Treatments may include:
- lifestyle modifications
Factors such as stress, caffeine, or alcohol can cause arrhythmias. Your child's physician may order the elimination of caffeine, alcohol (teens and young adults), or any other substance believed to be causing the problem. If stress is suspected as a cause, your child's physician may recommend stress-reduction measures such as an exercise program or family therapy.
- medication
There are various types of medications which may be used to treat arrhythmias. If your child's physician chooses to use medication, the decision of which medication to use will be determined by the type of arrhythmia, other conditions which may be present, and other medications already being used by your child.
- cardioversion
In this procedure, a small, electrical shock is delivered to the heart through the chest to stop certain, very fast, arrhythmias such as atrial fibrillation, supraventricular tachycardia, or sinus tachycardia. Your child is given medication to help him/her relax, and is then connected to an EKG monitor which is also connected to the cardioversion device. The small, electrical shock is delivered at a precise point during the EKG cycle.
- ablation
This is an invasive procedure done in the electrophysiology laboratory, and involves a small, thin tube (catheter) being inserted into the heart through a vessel in the groin or arm. The procedure is done in a manner similar to the electrophysiology studies (EPS) described above. Once the site of the arrhythmia has been determined by EPS, the catheter is moved to the site.

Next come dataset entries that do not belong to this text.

lemma index_mat_pow_Suc:
  assumes A: "A \<in> carrier_mat n n" and "i < n" "j < n"
  shows "(A ^\<^sub>m Suc k) $$ (i,j) = (\<Sum>l<n. (A ^\<^sub>m k) $$ (i,l) * A $$ (l,j))"
proof -
  have "A ^\<^sub>m k \<in> carrier_mat n n" using A by simp
  thus ?thesis using assms by (auto simp: scalar_prod_def lessThan_atLeast0 intro!: sum.cong)
qed

lemma mat_pow_nonneg:
  fixes A :: "real mat"
  assumes A: "A \<in> carrier_mat n n" and nonneg: "\<forall>i<n. \<forall>j<n. A $$ (i,j) \<ge> 0"
  shows "\<forall>i<n. \<forall>j<n. (A ^\<^sub>m k) $$ (i,j) \<ge> 0"
proof (induction k)
  case 0
  show ?case using A by simp
next
  case (Suc k)
  show ?case
  proof (intro allI impI)
    fix i j assume ij: "i < n" "j < n"
    have "(A ^\<^sub>m Suc k) $$ (i,j) = (\<Sum>l<n. (A ^\<^sub>m k) $$ (i,l) * A $$ (l,j))"
      using index_mat_pow_Suc[OF A ij] .
    also have "\<dots> \<ge> 0" using Suc.IH nonneg ij by (intro sum_nonneg) auto
    finally show "(A ^\<^sub>m Suc k) $$ (i,j) \<ge> 0" .
  qed
qed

By use of a technique such as radiofrequency ablation (very high frequency radio waves are applied to the site, heating the tissue until the site is destroyed) or cryoablation (an ultra-cold substance is applied to the site, freezing the tissue and destroying the site), the site of the arrhythmia may be destroyed.
- pacemaker
A permanent pacemaker is a small device that is implanted under the skin and sends electrical signals to start or regulate a slow heartbeat. A permanent pacemaker may be used to make the heart beat if the heart's natural pacemaker (the sinoatrial, or SA, node) is not functioning properly and has developed an abnormal heart rate or rhythm or if the electrical pathways are blocked. Pacemakers are typically used for slow arrhythmias such as sinus bradycardia, sick sinus syndrome, or heart block.

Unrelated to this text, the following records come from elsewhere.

(* Let $n\ge 1$ and consider an operational theory that admits a preparation noncontextual hidden variable model. Consider any protocol for $n$-bit parity-oblivious multiplexing in this theory: for each $x\in\{0,1\}^n$ Alice implements a preparation $P_x$, and for each $y\in\{1,\dots,n\}$ Bob implements a binary-outcome measurement $M_y$ and outputs its outcome $b\in\{0,1\}$. Suppose the protocol is parity-oblivious: for every $s\in\mathrm{Par}$, every measurement $M$ of the theory and every outcome $k$ of $M$, $$\sum_{x:\,x\cdot s=0}p(P_x|k,M)=\sum_{x:\,x\cdot s=1}p(P_x|k,M),$$ where $p(P_x|k,M)$ is the posterior probability of $x$ given outcome $k$ of $M$ under the uniform prior on $x$ (equivalently, $\sum_{x:\,x\cdot s=0}p(k|P_x,M)=\sum_{x:\,x\cdot s=1}p(k|P_x,M)$). Then $$p(b=x_y)=\frac{1}{2^n n}\sum_{y=1}^{n}\sum_{x\in\{0,1\}^n}p(b=x_y|P_x,M_y)\le\frac{n+1}{2n}.$$
   Context: An operational theory specifies a set of preparation procedures $P$ and measurement procedures $M$ and assigns a probability $p(k|P,M)$ to each outcome $k$ of measurement $M$ given preparation $P$; a procedure that chooses a preparation at random from a list with given probabilities and implements it is also a preparation, whose outcome probabilities are the corresponding convex combination. A hidden variable model of the theory assigns to each preparation $P$ a probability distribution $p(\lambda|P)$ over a space of hidden variables $\lambda$ and to each measurement $M$ conditional outcome distributions $p(k|\lambda,M)$ such that $p(k|P,M)=\int d\lambda\, p(k|\lambda,M)p(\lambda|P)$ for all $P,M,k$; a random mixture of preparations is represented by the corresponding mixture of their distributions $p(\lambda|P)$. The model is preparation noncontextual if whenever two preparations $P,P'$ satisfy $p(k|P,M)=p(k|P',M)$ for all measurements $M$ and outcomes $k$, then $p(\lambda|P)=p(\lambda|P')$. For $x,s\in\{0,1\}^n$, $x\cdot s=\bigoplus_i x_is_i$ (sum modulo 2), called the $s$-parity of $x$; $\mathrm{Par}=\{r\in\{0,1\}^n:\sum_i r_i\ge 2\}$. In $n$-bit parity-oblivious multiplexing, Alice's input $x$ is uniform on $\{0,1\}^n$, Bob's input $y$ is uniform on $\{1,\dots,n\}$ (independently), and Bob must output $b=x_y$, the $y$th bit of $x$. *)

theory Defs
  imports "HOL-Probability.Probability"
begin

text \<open>Bit strings in {0,1}^n are represented as bool lists of length n
  (True = 1, False = 0); the i-th bit (1-based) of x is x ! (i - 1).\<close>

definition bitvecs :: "nat \<Rightarrow> bool list set" where
  "bitvecs n = {x. length x = n}"

definition sparity :: "bool list \<Rightarrow> bool list \<Rightarrow> bool" where
  "sparity x s = odd (card {i. i < length x \<and> x ! i \<and> s ! i})"

definition Par :: "nat \<Rightarrow> bool list set" where
  "Par n = {s \<in> bitvecs n. card {i. i < n \<and> s ! i} \<ge> 2}"

text \<open>Hidden variable model: hidden variable space L (a measurable space),
  distributions mu P over it (all on the sigma-algebra of L), response functions
  xi M k (conditional outcome distributions over the outcome set Out M),
  reproducing the operational probabilities p P M k = p(k|P,M).\<close>

definition hv_model ::
  "'l measure \<Rightarrow> ('p \<Rightarrow> 'l measure) \<Rightarrow> ('m \<Rightarrow> 'k \<Rightarrow> 'l \<Rightarrow> real)
   \<Rightarrow> ('m \<Rightarrow> 'k set) \<Rightarrow> ('p \<Rightarrow> 'm \<Rightarrow> 'k \<Rightarrow> real) \<Rightarrow> bool" where
  "hv_model L mu xi Out p \<longleftrightarrow>
     (\<forall>P. prob_space (mu P) \<and> sets (mu P) = sets L) \<and>
     (\<forall>M k. xi M k \<in> borel_measurable L) \<and>
     (\<forall>M k l. 0 \<le> xi M k l) \<and>
     (\<forall>M l. ((\<lambda>k. xi M k l) has_sum 1) (Out M)) \<and>
     (\<forall>P M k. k \<in> Out M \<longrightarrow> p P M k = integral\<^sup>L (mu P) (xi M k))"

definition is_mixture :: "('p \<Rightarrow> real) \<Rightarrow> bool" where
  "is_mixture w \<longleftrightarrow> finite {P. w P \<noteq> 0} \<and> (\<forall>P. 0 \<le> w P) \<and>
     sum w {P. w P \<noteq> 0} = 1"

definition mix_prob :: "('p \<Rightarrow> 'm \<Rightarrow> 'k \<Rightarrow> real) \<Rightarrow> ('p \<Rightarrow> real) \<Rightarrow> 'm \<Rightarrow> 'k \<Rightarrow> real" where
  "mix_prob p w M k = (\<Sum>P\<in>{P. w P \<noteq> 0}. w P * p P M k)"

definition mix_dist :: "('p \<Rightarrow> 'l measure) \<Rightarrow> ('p \<Rightarrow> real) \<Rightarrow> 'l set \<Rightarrow> real" where
  "mix_dist mu w A = (\<Sum>P\<in>{P. w P \<noteq> 0}. w P * measure (mu P) A)"

text \<open>Preparation noncontextuality, applied to all preparations including random
  mixtures (mixtures represented by the mixture of their distributions).\<close>
definition prep_noncontextual ::
  "'l measure \<Rightarrow> ('p \<Rightarrow> 'l measure) \<Rightarrow> ('m \<Rightarrow> 'k set) \<Rightarrow> ('p \<Rightarrow> 'm \<Rightarrow> 'k \<Rightarrow> real) \<Rightarrow> bool" where
  "prep_noncontextual L mu Out p \<longleftrightarrow>
     (\<forall>w v. is_mixture w \<and> is_mixture v \<and>
        (\<forall>M. \<forall>k\<in>Out M. mix_prob p w M k = mix_prob p v M k) \<longrightarrow>
        (\<forall>A\<in>sets L. mix_dist mu w A = mix_dist mu v A))"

In infants and young children, pacemakers are usually placed in the abdomen. The wires that connect the pacemaker to the heart are placed on the outside surface of the heart. This position is beneficial because the fat in the abdomen protects the pacemaker and pacemaker wires from injury that might occur during everyday childhood activities such as climbing and falling.
School-aged children and adolescents may have the pacemaker placed in the shoulder area just under the collarbone. The pacemaker wires are often placed inside the superior vena cava, a large vein that connects to the right atrium, and then guided inside the heart.
- implantable cardioverter defibrillator
An implantable converter defibrillator (ICD) is a small device, similar to a pacemaker, that is implanted under the skin, often in the shoulder area just under the collarbone. An ICD senses the rate of the heartbeat. When the heart rate exceeds a rate programmed into the device, it delivers a small, electrical shock to the heart to slow the heart rate. Many newer ICDs can also function as a pacemaker by delivering an electrical signal to regulate a heart rate that is too slow. ICDs are typically used for fast arrhythmias such as ventricular tachycardia.
- surgery
Surgical treatment for arrhythmias is usually done only when all other appropriate options have failed. Surgical ablation is a major surgical procedure requiring general anesthesia. The chest is opened, exposing the heart. The site of the arrhythmia is located, then destroyed or removed in order to eliminate the arrhythmia.